On the other hand, whether it prevented 400 million extra births or only 200 million (as this article mentions as a lower estimate), there's no question that my fellow millennials got a living standard boost from all the missing siblings. True, this improvement was bought at the price of a rapidly aging population, but the declining workforce over the next couple of decades won't be such a disaster for China given that automation is likely to more than compensate for the loss of human labor. In fact, Chinese demographers and economists back in the 1980s were already incorporating increased usage of robots necessitated by a smaller workforce into their projections, so it's not accurate to say that Beijing was completely blindsided by the precipitous plunge in the fertility rate (now well below the replacement level of 2.1 children per woman).
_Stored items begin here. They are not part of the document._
(* Let $X$ be a non-empty set. The monoid $T_X$ is right protomodal, and for every maximal left pre-reduced subset $E\subseteq E(T_X)$, $T_X$ is an inductive right $E$-monoid and $(P^{lt}_X,\cdot,R)\cong RRest(E,T_X)$ as unary semigroups.
   Context: A partition on $X$ is a set partition of $X\cup X'$, where $X'=\{x'\mid x\in X\}$ is a disjoint copy of $X$. The product $\alpha\beta$ of partitions: take a further disjoint copy $X''$; let $\alpha^\downarrow$ be the partition of $X\cup X''$ obtained from $\alpha$ by renaming each $x'$ as $x''$, and $\beta^\uparrow$ the partition of $X''\cup X'$ obtained from $\beta$ by renaming each $x$ as $x''$; form the graph on $X\cup X''\cup X'$ joining two vertices when they lie in a common block of $\alpha^\downarrow$ or of $\beta^\uparrow$; the blocks of $\alpha\beta$ are the non-empty intersections of its connected components with $X\cup X'$. This makes the set $P_X$ of partitions a monoid. $P^{lt}_X$ is the submonoid of left total partitions: those in which every $x\in X$ lies in a block containing some element of $X'$. For $\rho\in P^{lt}_X$ let $R(\rho)$ be the partition whose blocks are the sets $A\cup\{a'\mid a\in A\}$, where $A$ ranges over the classes of the equivalence relation on $X$ given by $x\sim y$ iff $x',y'$ lie in the same block of $\rho$; then $(P^{lt}_X,\cdot,R)$ is a right restriction monoid, i.e. it satisfies $xR(x)=x$, $R(x)R(y)=R(y)R(x)$, $R(xR(y))=R(x)R(y)$, $R(x)y=yR(xy)$. $T_X$ (maps $X\to X$, composed left to right: $st$ means $s$ first, then $t$) is identified with a submonoid of $P^{lt}_X$ via $t\mapsto$ the partition with blocks $t^{-1}(y)\cup\{y'\}$ for $y\in\mathrm{ran}(t)$ and $\{y'\}$ for $y\notin\mathrm{ran}(t)$. For a semigroup $S$, $E(S)$ is its set of idempotents and $fS=\{fu\mid u\in S\}$; for $e,f\in E(S)$, $e\le_l f$ iff $e=fe$, and $e\sim_l f$ iff $e\le_l f$ and $f\le_l e$. $E\subseteq E(S)$ is left pre-reduced if $e=fe$ and $f=ef$ imply $e=f$ for $e,f\in E$, and maximal left pre-reduced if it contains exactly one element of each $\sim_l$-class of $E(S)$. A monoid $S$ is right protomodal if for every $e\in E(S)$ and $s\in S$, the set $\{u\in S\mid su=esu\}$ is non-empty and equals $fS$ for some $f\in E(S)$. Let $S$ be a monoid and $1\in E\subseteq E(S)$. $S$ is an inductive right $E$-monoid if $E$ is left pre-reduced, $(E,\le_l)$ is a meet-semilattice with meet $\wedge$, and (J1) for all $t\in S$, $e\in E$ there is $e\cdot t\in E$ such that for all $s\in S$: $ets=ts$ iff $(e\cdot t)s=s$; (J2) for $s\in S$, $e,f\in E$: $es=fs=s$ implies $(e\wedge f)s=s$. Then $RRest(E,S)$ is the set $\{(s,e)\in S\times E\mid se=s\}$ with multiplication $(s,e)(t,f)=(stg,g)$ where $g=(e\cdot t)\wedge f$, and unary operation $R((s,e))=(e,e)$. *)

theory Defs
  imports "HOL-Algebra.Group" "HOL-Library.Disjoint_Sets"
begin

definition idems :: "('m, 'b) monoid_scheme \<Rightarrow> 'm set" where
  "idems S = {e \<in> carrier S. e \<otimes>\<^bsub>S\<^esub> e = e}"

definition le_l :: "('m, 'b) monoid_scheme \<Rightarrow> 'm \<Rightarrow> 'm \<Rightarrow> bool" where
  "le_l S e f \<longleftrightarrow> e = f \<otimes>\<^bsub>S\<^esub> e"

definition sim_l :: "('m, 'b) monoid_scheme \<Rightarrow> 'm \<Rightarrow> 'm \<Rightarrow> bool" where
  "sim_l S e f \<longleftrightarrow> le_l S e f \<and> le_l S f e"
(* Let $\alpha\in\mathbb C$. For every integer $n\ge1$, $$A_\alpha^n=\sum_{i=0}^{\lfloor (n-1)/2\rfloor}\binom{n}{i}P_{n-2i,\alpha}+\varphi_n I,$$ where $\varphi_n=0$ if $n$ is odd and $\varphi_n=\binom{n}{n/2}$ if $n$ is even. All matrices are semi-infinite with rows and columns indexed by the positive integers; $I$ is the semi-infinite identity and $e_1$ its first column. $T(a)$ denotes the Toeplitz matrix with $(i,j)$ entry $a_{j-i}$ for $a(z)=\sum_{i\in\mathbb Z}a_iz^i$. For a vector/power series $v(z)=\sum_{i\ge1}v_iz^i$, $H(v)$ denotes the semi-infinite Hankel matrix with $(i,j)$ entry $v_{i+j-1}$ (its first column is $(v_1,v_2,\ldots)^T$). $A_\alpha:=T(z+z^{-1})+\alpha e_1e_1^T$ (tridiagonal, ones on sub- and superdiagonal, $(1,1)$ entry $\alpha$). Let $\theta=\alpha^2-1$, $h_1(z)=\alpha z$, and $h_n(z)=\theta\sum_{i=1}^{n-1}\alpha^{n-i-1}z^i+\alpha z^n$ for $n\ge2$. Define $H_{n,\alpha}=H(h_n)$, $P_{0,\alpha}=I$ and $P_{n,\alpha}=T(z^n+z^{-n})+H_{n,\alpha}$ for $n\ge1$ (so $P_{1,\alpha}=A_\alpha$). *)

theory Defs
  imports "HOL-Analysis.Analysis"
begin

text \<open>Semi-infinite matrices, rows/columns indexed by positive integers
  (entries at index 0 are irrelevant and ignored).\<close>
type_synonym smat = "nat \<Rightarrow> nat \<Rightarrow> complex"

definition sid :: smat where
  "sid = (\<lambda>i j. if i = j then 1 else 0)"

definition smul :: "smat \<Rightarrow> smat \<Rightarrow> smat" where
  "smul A B = (\<lambda>i j. infsum (\<lambda>k. A i k * B k j) {1..})"

fun spow :: "smat \<Rightarrow> nat \<Rightarrow> smat" where
  "spow A 0 = sid"
| "spow A (Suc n) = smul A (spow A n)"

definition toeplitz :: "(int \<Rightarrow> complex) \<Rightarrow> smat" where
  "toeplitz a = (\<lambda>i j. a (int j - int i))"

definition hankel :: "(nat \<Rightarrow> complex) \<Rightarrow> smat" where
  "hankel v = (\<lambda>i j. v (i + j - 1))"

definition A_mat :: "complex \<Rightarrow> smat" where
  "A_mat \<alpha> = (\<lambda>i j. toeplitz (\<lambda>k. if k = 1 \<or> k = -1 then 1 else 0) i j
                      + \<alpha> * (if i = 1 \<and> j = 1 then 1 else 0))"

definition h_coeff :: "complex \<Rightarrow> nat \<Rightarrow> nat \<Rightarrow> complex" where
  "h_coeff \<alpha> n k =
     (if 1 \<le> k \<and> k \<le> n - 1 then (\<alpha>\<^sup>2 - 1) * \<alpha> ^ (n - k - 1) else 0)
     + (if k = n then \<alpha> else 0)"

definition P_mat :: "nat \<Rightarrow> complex \<Rightarrow> smat" where
  "P_mat n \<alpha> = (if n = 0 then sid else
     (\<lambda>i j. toeplitz (\<lambda>k. if k = int n \<or> k = - int n then 1 else 0) i j
            + hankel (h_coeff \<alpha> n) i j))"

end

theory Submission
  imports Defs
begin

text \<open>For every integer m let Q_m = T(z^m + z^-m) + H(h_|m|); thus Q_0 = 2I and Q_m = Q_-m = P_m
  for m \<ge> 1. These matrices satisfy the Chebyshev recurrence A Q_m = Q_(m+1) + Q_(m-1): below the
  first row it is the three-term recurrence of the Toeplitz parts and of the coefficients of h_m,
  and in the first row the Hankel part exactly absorbs the corner entry \<alpha>. Hence 2 A^n expands
  like (z + z^-1)^n, as the sum of C(n,k) Q_(n-2k) over k \<le> n, and pairing the terms k and n - k
  gives the theorem.\<close>

lemma h_coeff_0: "h_coeff \<alpha> 0 k = (if k = 0 then \<alpha> else 0)"
  by (auto simp: h_coeff_def)

lemma h_coeff_step:
  assumes "m \<ge> 1" "k \<ge> 2"
  shows "h_coeff \<alpha> m (k - 1) + h_coeff \<alpha> m (k + 1) = h_coeff \<alpha> (m + 1) k + h_coeff \<alpha> (m - 1) k"
proof (cases "k + 2 \<le> m")
  case True
  then obtain d where m: "m = k + 2 + d" using le_Suc_ex by blast
  obtain t where k: "k = t + 2" using assms(2) le_Suc_ex by (metis add.commute)
  show ?thesis unfolding h_coeff_def m k
    by (simp add: power_add power2_eq_square algebra_simps Suc_diff_le)
next
  case False
  then show ?thesis using assms by (auto simp: h_coeff_def)
qed

text \<open>The indicator terms are what the Toeplitz parts of Q_m leave over in the first row.\<close>

lemma h_coeff_first_row:
  assumes "m \<ge> 2" "k \<ge> 1"
  shows "\<alpha> * h_coeff \<alpha> m k + h_coeff \<alpha> m (k + 1) + (if k = m + 1 then \<alpha> else 0)
       = h_coeff \<alpha> (m + 1) k + h_coeff \<alpha> (m - 1) k + (if k = m then 1 else 0)"
proof (cases "k + 2 \<le> m")
  case True
  then obtain d where m: "m = k + 2 + d" using le_Suc_ex by blast
  show ?thesis using assms(2) unfolding h_coeff_def m
    by (simp add: power_add power2_eq_square algebra_simps Suc_diff_le)
next
  case False
  then show ?thesis using assms by (auto simp: h_coeff_def power2_eq_square algebra_simps)
qed

definition Q_mat :: "complex \<Rightarrow> int \<Rightarrow> smat" where
  "Q_mat \<alpha> m = (\<lambda>i j. toeplitz (\<lambda>k. (if k = m then 1 else 0) + (if k = - m then 1 else 0)) i j
                        + hankel (h_coeff \<alpha> (nat \<bar>m\<bar>)) i j)"

lemma Q_mat_entry:
  "Q_mat \<alpha> m i j = (if int j = int i + m then 1 else 0) + (if int i = int j + m then 1 else 0)
                     + h_coeff \<alpha> (nat \<bar>m\<bar>) (i + j - 1)"
  unfolding Q_mat_def toeplitz_def hankel_def by (auto simp: algebra_simps)

lemma Q_mat_uminus: "Q_mat \<alpha> (- m) = Q_mat \<alpha> m"
  unfolding Q_mat_def by (simp add: add.commute)

lemma Q_mat_eq_P_mat: "m \<ge> 1 \<Longrightarrow> Q_mat \<alpha> (int m) = P_mat m \<alpha>"
  unfolding Q_mat_def P_mat_def toeplitz_def by (intro ext) auto

lemma Q_mat_diff_eq_P_mat: "2 * l < n \<Longrightarrow> Q_mat \<alpha> (int n - 2 * int l) = P_mat (n - 2 * l) \<alpha>"
  using Q_mat_eq_P_mat[of "n - 2 * l" \<alpha>] by (simp add: of_nat_diff)

lemma Q_mat_0: "i \<ge> 1 \<Longrightarrow> j \<ge> 1 \<Longrightarrow> Q_mat \<alpha> 0 i j = 2 * sid i j"
  by (simp add: Q_mat_entry sid_def h_coeff_0)

lemma smul_A_mat:
  assumes "i \<ge> 1"
  shows "smul (A_mat \<alpha>) B i j = (if i = 1 then \<alpha> * B 1 j else B (i - 1) j) + B (i + 1) j"
proof -
  have A: "A_mat \<alpha> r k = (if k = r + 1 \<or> r = k + 1 then 1 else 0) + (if r = 1 \<and> k = 1 then \<alpha> else 0)" for r k
    unfolding A_mat_def toeplitz_def by auto
  have "smul (A_mat \<alpha>) B i j = (\<Sum>\<^sub>\<infinity>k \<in> {max 1 (i - 1), i + 1}. A_mat \<alpha> i k * B k j)"
    unfolding smul_def by (rule infsum_cong_neutral) (use assms in \<open>auto simp: A\<close>)
  then show ?thesis using assms by (cases "i = 1") (simp_all add: A)
qed

lemma A_mat_mult_Q_mat_ge_2:
  assumes "m \<ge> 2" "i \<ge> 1" "j \<ge> 1"
  shows "smul (A_mat \<alpha>) (Q_mat \<alpha> (int m)) i j = Q_mat \<alpha> (int m + 1) i j + Q_mat \<alpha> (int m - 1) i j"
proof -
  have idx: "nat (int m - 1) = m - 1" "nat (1 + int m) = m + 1"
    using assms(1) by auto
  show ?thesis
  proof (cases "i = 1")
    case True
    then show ?thesis using h_coeff_first_row[OF assms(1,3), of \<alpha>] assms
      by (auto simp: smul_A_mat Q_mat_entry idx algebra_simps)
  next
    case False
    then have "i + j - 1 \<ge> 2" using assms by auto
    from h_coeff_step[OF _ this, of m \<alpha>] False assms show ?thesis
      by (auto simp: smul_A_mat Q_mat_entry idx algebra_simps)
  qed
qed

lemma A_mat_mult_Q_mat_nonneg:
  assumes "i \<ge> 1" "j \<ge> 1"
  shows "smul (A_mat \<alpha>) (Q_mat \<alpha> (int m)) i j = Q_mat \<alpha> (int m + 1) i j + Q_mat \<alpha> (int m - 1) i j"
proof -
  consider "m = 0" | "m = 1" | "m \<ge> 2" by linarith
  then show ?thesis
  proof cases
    case 1
    then show ?thesis using assms by (auto simp: smul_A_mat Q_mat_entry h_coeff_def)
  next
    case 2
    then show ?thesis using assms by (auto simp: smul_A_mat Q_mat_entry h_coeff_def power2_eq_square)
  next
    case 3
    then show ?thesis using A_mat_mult_Q_mat_ge_2 assms by simp
  qed
qed

lemma A_mat_mult_Q_mat:
  assumes "i \<ge> 1" "j \<ge> 1"
  shows "smul (A_mat \<alpha>) (Q_mat \<alpha> m) i j = Q_mat \<alpha> (m + 1) i j + Q_mat \<alpha> (m - 1) i j"
proof (cases "m \<ge> 0")
  case True
  then show ?thesis using A_mat_mult_Q_mat_nonneg[OF assms, of \<alpha> "nat m"] by simp
next
  case False
  then have "smul (A_mat \<alpha>) (Q_mat \<alpha> m) i j = smul (A_mat \<alpha>) (Q_mat \<alpha> (int (nat (- m)))) i j"
    using Q_mat_uminus[of \<alpha> m] by simp
  also have "\<dots> = Q_mat \<alpha> (- (m - 1)) i j + Q_mat \<alpha> (- (m + 1)) i j"
  proof -
    have "int (nat (- m)) + 1 = - (m - 1)" "int (nat (- m)) - 1 = - (m + 1)"
      using False by simp_all
    then show ?thesis using A_mat_mult_Q_mat_nonneg[OF assms, of \<alpha> "nat (- m)"] by (simp only:)
  qed
  finally show ?thesis by (simp only: Q_mat_uminus add.commute)
qed

lemma sum_choose_Suc_laurent:
  fixes f :: "int \<Rightarrow> 'a :: comm_semiring_1"
  shows "(\<Sum>k\<le>Suc n. of_nat (Suc n choose k) * f (int (Suc n) - 2 * int k))
       = (\<Sum>k\<le>n. of_nat (n choose k) * (f (int n - 2 * int k + 1) + f (int n - 2 * int k - 1)))"
proof -
  define g where "g k = f (int (Suc n) - 2 * int k)" for k
  have "(\<Sum>k\<le>Suc n. of_nat (Suc n choose k) * g k)
      = (g 0 + (\<Sum>k\<le>n. of_nat (n choose Suc k) * g (Suc k))) + (\<Sum>k\<le>n. of_nat (n choose k) * g (Suc k))"
    by (simp only: sum.atMost_Suc_shift binomial_Suc_Suc of_nat_add distrib_right sum.distrib)
      (simp add: add_ac)
  also have "g 0 + (\<Sum>k\<le>n. of_nat (n choose Suc k) * g (Suc k)) = (\<Sum>k\<le>Suc n. of_nat (n choose k) * g k)"
    by (subst sum.atMost_Suc_shift) simp
  also have "\<dots> = (\<Sum>k\<le>n. of_nat (n choose k) * g k)"
    by (simp add: binomial_eq_0)
  also have "(\<Sum>k\<le>n. of_nat (n choose k) * g k) + (\<Sum>k\<le>n. of_nat (n choose k) * g (Suc k))
      = (\<Sum>k\<le>n. of_nat (n choose k) * (f (int n - 2 * int k + 1) + f (int n - 2 * int k - 1)))"
    unfolding g_def distrib_left sum.distrib by (simp add: algebra_simps)
  finally show ?thesis unfolding g_def .
qed

lemma two_spow_A_mat_eq_sum_Q_mat:
  assumes "i \<ge> 1" "j \<ge> 1"
  shows "2 * spow (A_mat \<alpha>) n i j = (\<Sum>k\<le>n. of_nat (n choose k) * Q_mat \<alpha> (int n - 2 * int k) i j)"
  using assms
proof (induction n arbitrary: i j)
  case 0
  then show ?case by (simp add: Q_mat_0)
next
  case (Suc n)
  define S where "S r = (\<Sum>k\<le>n. of_nat (n choose k) * Q_mat \<alpha> (int n - 2 * int k) r j)" for r
  have "2 * spow (A_mat \<alpha>) (Suc n) i j
      = (if i = 1 then \<alpha> * (2 * spow (A_mat \<alpha>) n 1 j) else 2 * spow (A_mat \<alpha>) n (i - 1) j)
        + 2 * spow (A_mat \<alpha>) n (i + 1) j"
    using Suc.prems by (simp add: smul_A_mat algebra_simps)
  also have "\<dots> = (if i = 1 then \<alpha> * S 1 else S (i - 1)) + S (i + 1)"
    using Suc.IH Suc.prems unfolding S_def by auto
  also have "\<dots> = (\<Sum>k\<le>n. of_nat (n choose k) * smul (A_mat \<alpha>) (Q_mat \<alpha> (int n - 2 * int k)) i j)"
    unfolding S_def smul_A_mat[OF Suc.prems(1)]
    by (cases "i = 1") (simp_all add: sum_distrib_left sum.distrib algebra_simps)
  also have "\<dots> = (\<Sum>k\<le>n. of_nat (n choose k)
                       * (Q_mat \<alpha> (int n - 2 * int k + 1) i j + Q_mat \<alpha> (int n - 2 * int k - 1) i j))"
    using A_mat_mult_Q_mat[OF Suc.prems] by simp
  also have "\<dots> = (\<Sum>k\<le>Suc n. of_nat (Suc n choose k) * Q_mat \<alpha> (int (Suc n) - 2 * int k) i j)"
    by (rule sum_choose_Suc_laurent[symmetric])
  finally show ?case .
qed

lemma sum_atMost_fold:
  fixes g :: "nat \<Rightarrow> 'a :: comm_monoid_add"
  assumes "n \<ge> 1"
  shows "(\<Sum>k\<le>n. g k) = (\<Sum>l = 0..(n - 1) div 2. g l + g (n - l)) + (if even n then g (n div 2) else 0)"
proof -
  define p where "p = (n - 1) div 2"
  define c where "c = (if even n then 1 else 0 :: nat)"
  have n: "n = p + c + Suc p"
    using assms unfolding p_def c_def even_iff_mod_2_eq_zero by presburger
  have "(\<Sum>k\<le>n. g k) = (\<Sum>k\<le>p. g k) + (\<Sum>k = Suc p..p + (c + Suc p). g k)"
    unfolding n add.assoc by (rule sum_up_index_split)
  also have "(\<Sum>k = Suc p..p + (c + Suc p). g k) = (\<Sum>k = Suc p..<Suc p + c. g k) + (\<Sum>k = Suc p + c..p + (c + Suc p). g k)"
    unfolding atLeastLessThanSuc_atLeastAtMost[symmetric] by (rule sum.atLeastLessThan_concat[symmetric]) auto
  also have "(\<Sum>k = Suc p + c..p + (c + Suc p). g k) = (\<Sum>l = 0..p. g (n - l))"
  proof -
    have "(\<Sum>k = Suc p + c..p + (c + Suc p). g k) = (\<Sum>l = 0..p. g (l + (Suc p + c)))"
      using sum.shift_bounds_cl_nat_ivl[of g 0 "Suc p + c" p] by (simp add: add_ac)
    also have "\<dots> = (\<Sum>l = 0..p. g (p - l + (Suc p + c)))"
      by (rule sum.atLeastAtMost_rev[where n = 0, simplified])
    also have "\<dots> = (\<Sum>l = 0..p. g (n - l))"
      by (rule sum.cong) (auto simp: n intro!: arg_cong[where f = g])
    finally show ?thesis .
  qed
  also have "(\<Sum>k = Suc p..<Suc p + c. g k) = (if even n then g (n div 2) else 0)"
    using n unfolding c_def by auto
  finally show ?thesis unfolding p_def[symmetric] by (simp add: atLeast0AtMost sum.distrib add_ac)
qed

theorem corollary4:
  fixes \<alpha> :: complex and n :: nat
  assumes "n \<ge> 1"
  shows "\<forall>i\<ge>1. \<forall>j\<ge>1. spow (A_mat \<alpha>) n i j =
           (\<Sum>l = 0..(n - 1) div 2. of_nat (n choose l) * P_mat (n - 2 * l) \<alpha> i j)
           + (if even n then of_nat (n choose (n div 2)) else 0) * sid i j"
proof (intro allI impI)
  fix i j :: nat
  assume ij: "i \<ge> 1" "j \<ge> 1"
  define g where "g k = of_nat (n choose k) * Q_mat \<alpha> (int n - 2 * int k) i j" for k
  have pair: "g l + g (n - l) = 2 * (of_nat (n choose l) * P_mat (n - 2 * l) \<alpha> i j)"
    if "l \<in> {0..(n - 1) div 2}" for l
  proof -
    from that assms have l: "2 * l < n" by auto
    then have reflect: "int n - 2 * int (n - l) = - (int n - 2 * int l)" "n choose (n - l) = n choose l"
      by (simp_all add: of_nat_diff binomial_symmetric[symmetric])
    show ?thesis unfolding g_def reflect Q_mat_uminus Q_mat_diff_eq_P_mat[OF l] by simp
  qed
  have middle: "even n \<Longrightarrow> g (n div 2) = 2 * (of_nat (n choose (n div 2)) * sid i j)"
    using ij by (auto simp: g_def Q_mat_0 elim!: evenE)
  have "2 * spow (A_mat \<alpha>) n i j = (\<Sum>k\<le>n. g k)"
    unfolding g_def by (rule two_spow_A_mat_eq_sum_Q_mat[OF ij])
  also have "\<dots> = 2 * ((\<Sum>l = 0..(n - 1) div 2. of_nat (n choose l) * P_mat (n - 2 * l) \<alpha> i j)
           + (if even n then of_nat (n choose (n div 2)) else 0) * sid i j)"
    unfolding sum_atMost_fold[OF assms] using pair middle
    by (simp add: sum_distrib_left distrib_left)
  finally show "spow (A_mat \<alpha>) n i j = (\<Sum>l = 0..(n - 1) div 2. of_nat (n choose l) * P_mat (n - 2 * l) \<alpha> i j)
           + (if even n then of_nat (n choose (n div 2)) else 0) * sid i j"
    by (subst (asm) mult_cancel_left) simp
qed

end
lemma flat_has_real_derivative: "(flat k has_real_derivative flat (Suc k) t) (at t)"
proof -
  consider "t > 0" | "t < 0" | "t = 0" by linarith
  then show ?thesis
  proof cases
    case 1
    have "((\<lambda>t. poly (flat_poly k) (inverse t) * exp (- inverse t)) has_real_derivative flat (Suc k) t) (at t)"
      using has_real_derivative_poly_inverse_exp[OF 1, of k] 1 by (simp add: flat_def)
    then show ?thesis
      by (rule has_field_derivative_transform_within_open[where S="{0<..}"]) (use 1 in \<open>auto simp: flat_def\<close>)
  next
    case 2
    have "((\<lambda>_. 0) has_real_derivative flat (Suc k) t) (at t)"
      using 2 by (simp add: flat_def)
    then show ?thesis
      by (rule has_field_derivative_transform_within_open[where S="{..<0}"]) (use 2 in \<open>auto simp: flat_def\<close>)
  next
    case 3
    then show ?thesis
      using flat_has_real_derivative_0 by (simp add: flat_def)
  qed
qed

inductive flat_algebra :: "(pt \<Rightarrow> real) \<Rightarrow> bool" where
  const: "flat_algebra (\<lambda>x. c)"
| coord: "flat_algebra (\<lambda>x. x $ j)"
| add: "flat_algebra f \<Longrightarrow> flat_algebra g \<Longrightarrow> flat_algebra (\<lambda>x. f x + g x)"
| mult: "flat_algebra f \<Longrightarrow> flat_algebra g \<Longrightarrow> flat_algebra (\<lambda>x. f x * g x)"
| flat_comp: "flat_algebra f \<Longrightarrow> flat_algebra (\<lambda>x. flat k (f x))"
definition selfadj_ops :: "('a::chilbert_space \<Rightarrow> 'a) set" where
  "selfadj_ops = {A. bounded_clinear A \<and> (\<forall>x y. cinner (A x) y = cinner x (A y))}"

definition zero_op :: "'a::chilbert_space \<Rightarrow> 'a" where
  "zero_op = (\<lambda>_. 0)"

definition is_orth_proj :: "('a::chilbert_space \<Rightarrow> 'a) \<Rightarrow> bool" where
  "is_orth_proj P \<longleftrightarrow> P \<in> selfadj_ops \<and> P \<circ> P = P"

definition range_proj :: "('a::chilbert_space \<Rightarrow> 'a) \<Rightarrow> ('a \<Rightarrow> 'a)" where
  "range_proj C = (THE P. is_orth_proj P \<and> range P = closure (range C))"

definition proj_le :: "('a::chilbert_space \<Rightarrow> 'a) \<Rightarrow> ('a \<Rightarrow> 'a) \<Rightarrow> bool" where
  "proj_le P1 P2 \<longleftrightarrow> P1 \<circ> P2 = P1"

definition logic_le :: "('a::chilbert_space \<Rightarrow> 'a) \<Rightarrow> ('a \<Rightarrow> 'a) \<Rightarrow> bool" where
  "logic_le A B \<longleftrightarrow> (\<exists>D \<in> selfadj_ops. B = (\<lambda>x. A x + D x) \<and> A \<circ> D = zero_op)"

definition is_logic_meet :: "('a::chilbert_space \<Rightarrow> 'a) \<Rightarrow> ('a \<Rightarrow> 'a) \<Rightarrow> ('a \<Rightarrow> 'a) \<Rightarrow> bool" where
  "is_logic_meet A B M \<longleftrightarrow> M \<in> selfadj_ops \<and> logic_le M A \<and> logic_le M B \<and>
     (\<forall>E \<in> selfadj_ops. logic_le E A \<and> logic_le E B \<longrightarrow> logic_le E M)"

end

theory Submission
  imports Defs
begin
This article assessing the impacts of ending the one-child policy quotes one economic expert as saying that decreased demand - not insufficient supply - is the main threat posed by graying populations. But at only $8,000, China's per capita GDP is still very low compared to Japan and South Korea, meaning it doesn't really need more people to significantly boost demand at this juncture, anyway. With widespread adoption of technological advances and further productivity gains, low-workforce China is actually set for some pretty healthy growth for the next couple of decades, if only its leaders get reforms right. And this also means that now is the time to start incentivizing two-child families, so that when China finally reaches high-income status 20 to 30 years hence, its young population won't be so thin.

Overall, the one-child policy will probably be remembered as an unfortunate method which nonetheless helped achieve what economic development alone would have mostly accomplished as a natural matter of course anyway.

One day, the hundreds of millions of my fellow millennials who were victims of the one-child era will be honored in a national memorial thanking their sacrifice of blood and soul to build 21st century Chinese civilization.